◆ Requirement ◆
A bare number is all that is needed: how many lines below contain the string "which"?

(Items listed in a dataset)
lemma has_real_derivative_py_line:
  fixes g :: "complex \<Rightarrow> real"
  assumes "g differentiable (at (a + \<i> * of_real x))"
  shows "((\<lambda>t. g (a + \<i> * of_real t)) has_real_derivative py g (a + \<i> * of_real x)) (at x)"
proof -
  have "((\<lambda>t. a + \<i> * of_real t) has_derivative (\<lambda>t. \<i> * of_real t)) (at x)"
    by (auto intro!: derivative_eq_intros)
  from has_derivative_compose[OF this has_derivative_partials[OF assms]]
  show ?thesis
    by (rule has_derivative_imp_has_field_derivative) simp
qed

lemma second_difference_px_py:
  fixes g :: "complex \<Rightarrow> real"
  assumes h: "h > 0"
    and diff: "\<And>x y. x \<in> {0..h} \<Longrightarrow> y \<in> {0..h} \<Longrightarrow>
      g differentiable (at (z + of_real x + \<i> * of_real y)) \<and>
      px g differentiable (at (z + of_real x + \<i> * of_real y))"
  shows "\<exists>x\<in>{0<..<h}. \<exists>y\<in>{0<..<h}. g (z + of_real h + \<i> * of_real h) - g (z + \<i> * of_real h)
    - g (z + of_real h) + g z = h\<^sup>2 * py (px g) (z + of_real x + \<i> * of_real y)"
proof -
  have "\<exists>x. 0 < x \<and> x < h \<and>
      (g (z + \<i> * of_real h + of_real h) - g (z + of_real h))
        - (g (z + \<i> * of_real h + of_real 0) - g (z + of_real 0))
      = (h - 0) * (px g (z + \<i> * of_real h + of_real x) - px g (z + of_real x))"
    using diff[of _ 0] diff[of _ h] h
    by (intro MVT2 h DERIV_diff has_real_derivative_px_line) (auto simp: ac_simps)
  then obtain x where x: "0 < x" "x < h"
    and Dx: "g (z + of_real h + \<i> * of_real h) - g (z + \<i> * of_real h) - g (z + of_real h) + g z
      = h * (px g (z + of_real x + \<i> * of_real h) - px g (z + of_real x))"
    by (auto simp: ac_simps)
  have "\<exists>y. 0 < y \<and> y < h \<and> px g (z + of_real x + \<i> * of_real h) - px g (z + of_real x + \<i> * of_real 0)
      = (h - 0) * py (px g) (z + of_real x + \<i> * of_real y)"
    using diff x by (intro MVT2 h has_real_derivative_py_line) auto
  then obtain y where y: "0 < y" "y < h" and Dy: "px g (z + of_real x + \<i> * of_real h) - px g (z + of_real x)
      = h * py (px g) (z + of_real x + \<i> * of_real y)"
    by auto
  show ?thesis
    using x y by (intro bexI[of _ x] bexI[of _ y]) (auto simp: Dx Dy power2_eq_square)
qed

* * *

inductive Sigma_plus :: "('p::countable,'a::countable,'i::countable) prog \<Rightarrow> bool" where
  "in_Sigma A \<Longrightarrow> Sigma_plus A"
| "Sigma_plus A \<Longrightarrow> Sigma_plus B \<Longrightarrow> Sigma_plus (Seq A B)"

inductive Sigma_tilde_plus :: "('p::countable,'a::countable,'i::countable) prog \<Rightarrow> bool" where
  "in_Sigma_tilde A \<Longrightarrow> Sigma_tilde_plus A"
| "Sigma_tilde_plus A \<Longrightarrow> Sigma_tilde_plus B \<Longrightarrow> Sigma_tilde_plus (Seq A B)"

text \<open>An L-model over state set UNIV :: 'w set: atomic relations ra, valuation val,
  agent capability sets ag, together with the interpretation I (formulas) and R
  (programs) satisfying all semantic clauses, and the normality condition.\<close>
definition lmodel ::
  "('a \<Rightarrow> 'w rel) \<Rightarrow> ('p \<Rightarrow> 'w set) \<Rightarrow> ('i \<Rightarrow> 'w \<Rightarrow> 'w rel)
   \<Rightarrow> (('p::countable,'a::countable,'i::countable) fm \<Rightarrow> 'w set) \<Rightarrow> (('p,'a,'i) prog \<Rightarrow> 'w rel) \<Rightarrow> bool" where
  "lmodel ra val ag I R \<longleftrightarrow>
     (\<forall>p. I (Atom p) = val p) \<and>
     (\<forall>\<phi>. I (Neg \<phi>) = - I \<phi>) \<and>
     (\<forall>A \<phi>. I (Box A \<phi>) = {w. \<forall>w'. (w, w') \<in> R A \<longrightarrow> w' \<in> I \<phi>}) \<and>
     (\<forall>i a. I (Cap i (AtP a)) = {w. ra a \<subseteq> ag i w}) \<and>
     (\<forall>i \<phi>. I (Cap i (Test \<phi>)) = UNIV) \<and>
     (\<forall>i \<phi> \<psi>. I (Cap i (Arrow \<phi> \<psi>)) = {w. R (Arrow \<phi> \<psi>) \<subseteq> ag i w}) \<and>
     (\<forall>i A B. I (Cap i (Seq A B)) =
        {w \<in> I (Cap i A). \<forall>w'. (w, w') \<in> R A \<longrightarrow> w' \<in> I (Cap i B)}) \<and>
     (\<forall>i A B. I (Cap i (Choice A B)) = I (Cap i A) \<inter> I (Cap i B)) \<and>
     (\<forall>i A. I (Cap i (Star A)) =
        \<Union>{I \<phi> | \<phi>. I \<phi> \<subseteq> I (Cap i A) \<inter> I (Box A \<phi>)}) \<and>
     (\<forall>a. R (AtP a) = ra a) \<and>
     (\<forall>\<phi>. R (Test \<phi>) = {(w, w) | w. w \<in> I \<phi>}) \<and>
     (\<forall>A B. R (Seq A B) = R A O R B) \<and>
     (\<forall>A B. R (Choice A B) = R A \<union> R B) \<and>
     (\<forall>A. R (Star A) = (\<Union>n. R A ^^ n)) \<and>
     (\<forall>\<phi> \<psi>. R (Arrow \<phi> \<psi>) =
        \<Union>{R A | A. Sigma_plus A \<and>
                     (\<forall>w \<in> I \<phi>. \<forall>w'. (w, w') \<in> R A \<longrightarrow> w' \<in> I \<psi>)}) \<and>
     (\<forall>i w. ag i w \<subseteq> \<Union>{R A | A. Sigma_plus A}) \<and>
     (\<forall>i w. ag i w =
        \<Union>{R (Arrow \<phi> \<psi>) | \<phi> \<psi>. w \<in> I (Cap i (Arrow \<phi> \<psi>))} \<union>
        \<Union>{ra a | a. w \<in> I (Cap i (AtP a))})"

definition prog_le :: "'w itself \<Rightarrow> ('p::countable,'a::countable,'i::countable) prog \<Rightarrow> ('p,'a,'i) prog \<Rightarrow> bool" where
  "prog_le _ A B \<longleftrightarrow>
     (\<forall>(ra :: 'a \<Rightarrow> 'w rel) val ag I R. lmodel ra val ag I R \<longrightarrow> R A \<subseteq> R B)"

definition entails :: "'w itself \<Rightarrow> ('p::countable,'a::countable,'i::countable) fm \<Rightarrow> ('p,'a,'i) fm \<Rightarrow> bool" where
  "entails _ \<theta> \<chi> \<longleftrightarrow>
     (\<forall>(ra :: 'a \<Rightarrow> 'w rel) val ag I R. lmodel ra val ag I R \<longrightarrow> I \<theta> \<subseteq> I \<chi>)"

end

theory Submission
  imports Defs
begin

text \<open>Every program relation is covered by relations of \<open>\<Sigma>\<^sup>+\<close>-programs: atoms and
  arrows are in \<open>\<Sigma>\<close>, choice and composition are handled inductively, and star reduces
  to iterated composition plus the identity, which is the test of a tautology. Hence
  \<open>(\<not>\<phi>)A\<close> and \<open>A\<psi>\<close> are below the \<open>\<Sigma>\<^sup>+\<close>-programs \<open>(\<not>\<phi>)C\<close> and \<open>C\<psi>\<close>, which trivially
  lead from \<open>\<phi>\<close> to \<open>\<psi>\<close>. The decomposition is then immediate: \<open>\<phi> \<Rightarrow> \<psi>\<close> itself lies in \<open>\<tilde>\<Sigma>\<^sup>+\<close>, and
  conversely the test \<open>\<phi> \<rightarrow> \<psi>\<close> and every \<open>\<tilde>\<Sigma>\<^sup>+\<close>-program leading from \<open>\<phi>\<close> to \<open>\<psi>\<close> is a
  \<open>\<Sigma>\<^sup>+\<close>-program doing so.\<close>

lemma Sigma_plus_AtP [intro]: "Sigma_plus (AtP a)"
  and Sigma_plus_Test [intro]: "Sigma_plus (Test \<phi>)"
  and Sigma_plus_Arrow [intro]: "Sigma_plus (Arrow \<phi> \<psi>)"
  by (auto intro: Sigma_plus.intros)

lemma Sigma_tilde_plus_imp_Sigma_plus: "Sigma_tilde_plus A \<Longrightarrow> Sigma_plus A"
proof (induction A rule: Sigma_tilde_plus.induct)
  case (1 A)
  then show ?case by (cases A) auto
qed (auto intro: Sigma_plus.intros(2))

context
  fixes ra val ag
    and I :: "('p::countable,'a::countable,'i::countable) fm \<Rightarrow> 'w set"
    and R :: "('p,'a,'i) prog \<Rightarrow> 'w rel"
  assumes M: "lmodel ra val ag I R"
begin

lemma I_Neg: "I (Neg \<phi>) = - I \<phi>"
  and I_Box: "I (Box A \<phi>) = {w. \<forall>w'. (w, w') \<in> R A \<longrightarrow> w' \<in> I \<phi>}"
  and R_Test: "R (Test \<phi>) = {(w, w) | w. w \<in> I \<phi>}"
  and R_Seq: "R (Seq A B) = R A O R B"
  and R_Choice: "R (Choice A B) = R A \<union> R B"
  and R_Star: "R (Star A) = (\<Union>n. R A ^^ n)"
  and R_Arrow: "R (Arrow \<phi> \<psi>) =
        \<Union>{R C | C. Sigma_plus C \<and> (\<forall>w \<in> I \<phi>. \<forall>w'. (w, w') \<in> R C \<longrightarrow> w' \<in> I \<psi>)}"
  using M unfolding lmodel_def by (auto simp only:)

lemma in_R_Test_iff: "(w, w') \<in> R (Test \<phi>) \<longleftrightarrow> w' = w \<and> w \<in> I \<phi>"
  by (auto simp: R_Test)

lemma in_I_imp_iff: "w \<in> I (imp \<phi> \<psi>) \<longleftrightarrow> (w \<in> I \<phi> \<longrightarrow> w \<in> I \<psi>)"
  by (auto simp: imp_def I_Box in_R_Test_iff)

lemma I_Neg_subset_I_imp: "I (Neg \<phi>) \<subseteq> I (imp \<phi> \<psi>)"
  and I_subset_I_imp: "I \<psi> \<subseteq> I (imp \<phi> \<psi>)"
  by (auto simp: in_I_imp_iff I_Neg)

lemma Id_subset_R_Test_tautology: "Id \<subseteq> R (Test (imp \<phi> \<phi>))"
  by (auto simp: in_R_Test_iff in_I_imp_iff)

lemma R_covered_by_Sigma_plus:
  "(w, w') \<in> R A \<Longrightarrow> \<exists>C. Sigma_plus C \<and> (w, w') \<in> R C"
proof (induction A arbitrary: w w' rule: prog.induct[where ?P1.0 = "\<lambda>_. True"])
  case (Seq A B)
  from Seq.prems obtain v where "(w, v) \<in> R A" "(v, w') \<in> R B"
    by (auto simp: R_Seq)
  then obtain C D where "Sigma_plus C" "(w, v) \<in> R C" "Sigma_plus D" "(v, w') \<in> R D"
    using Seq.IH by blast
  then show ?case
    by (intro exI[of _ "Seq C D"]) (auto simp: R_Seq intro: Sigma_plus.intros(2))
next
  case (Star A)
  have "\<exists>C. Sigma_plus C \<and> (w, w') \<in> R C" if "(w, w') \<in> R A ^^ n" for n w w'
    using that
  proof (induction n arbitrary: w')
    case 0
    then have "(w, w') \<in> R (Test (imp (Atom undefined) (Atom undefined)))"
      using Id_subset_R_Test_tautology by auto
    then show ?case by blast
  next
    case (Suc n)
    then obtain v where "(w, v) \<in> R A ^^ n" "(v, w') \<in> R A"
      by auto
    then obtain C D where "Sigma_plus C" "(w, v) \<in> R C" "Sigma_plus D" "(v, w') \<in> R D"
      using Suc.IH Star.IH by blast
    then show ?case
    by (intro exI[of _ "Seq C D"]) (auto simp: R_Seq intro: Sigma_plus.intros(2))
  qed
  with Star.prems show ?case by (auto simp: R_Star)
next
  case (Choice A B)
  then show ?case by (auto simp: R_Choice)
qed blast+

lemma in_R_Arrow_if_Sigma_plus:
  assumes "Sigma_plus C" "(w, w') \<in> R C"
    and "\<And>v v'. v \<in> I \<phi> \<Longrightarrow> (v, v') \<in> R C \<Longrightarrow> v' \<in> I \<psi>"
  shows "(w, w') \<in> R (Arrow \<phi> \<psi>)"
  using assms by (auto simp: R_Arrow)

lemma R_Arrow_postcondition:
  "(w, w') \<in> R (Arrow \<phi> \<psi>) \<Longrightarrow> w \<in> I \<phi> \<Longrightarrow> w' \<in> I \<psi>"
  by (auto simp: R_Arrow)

◆ Answer to this task ◆
2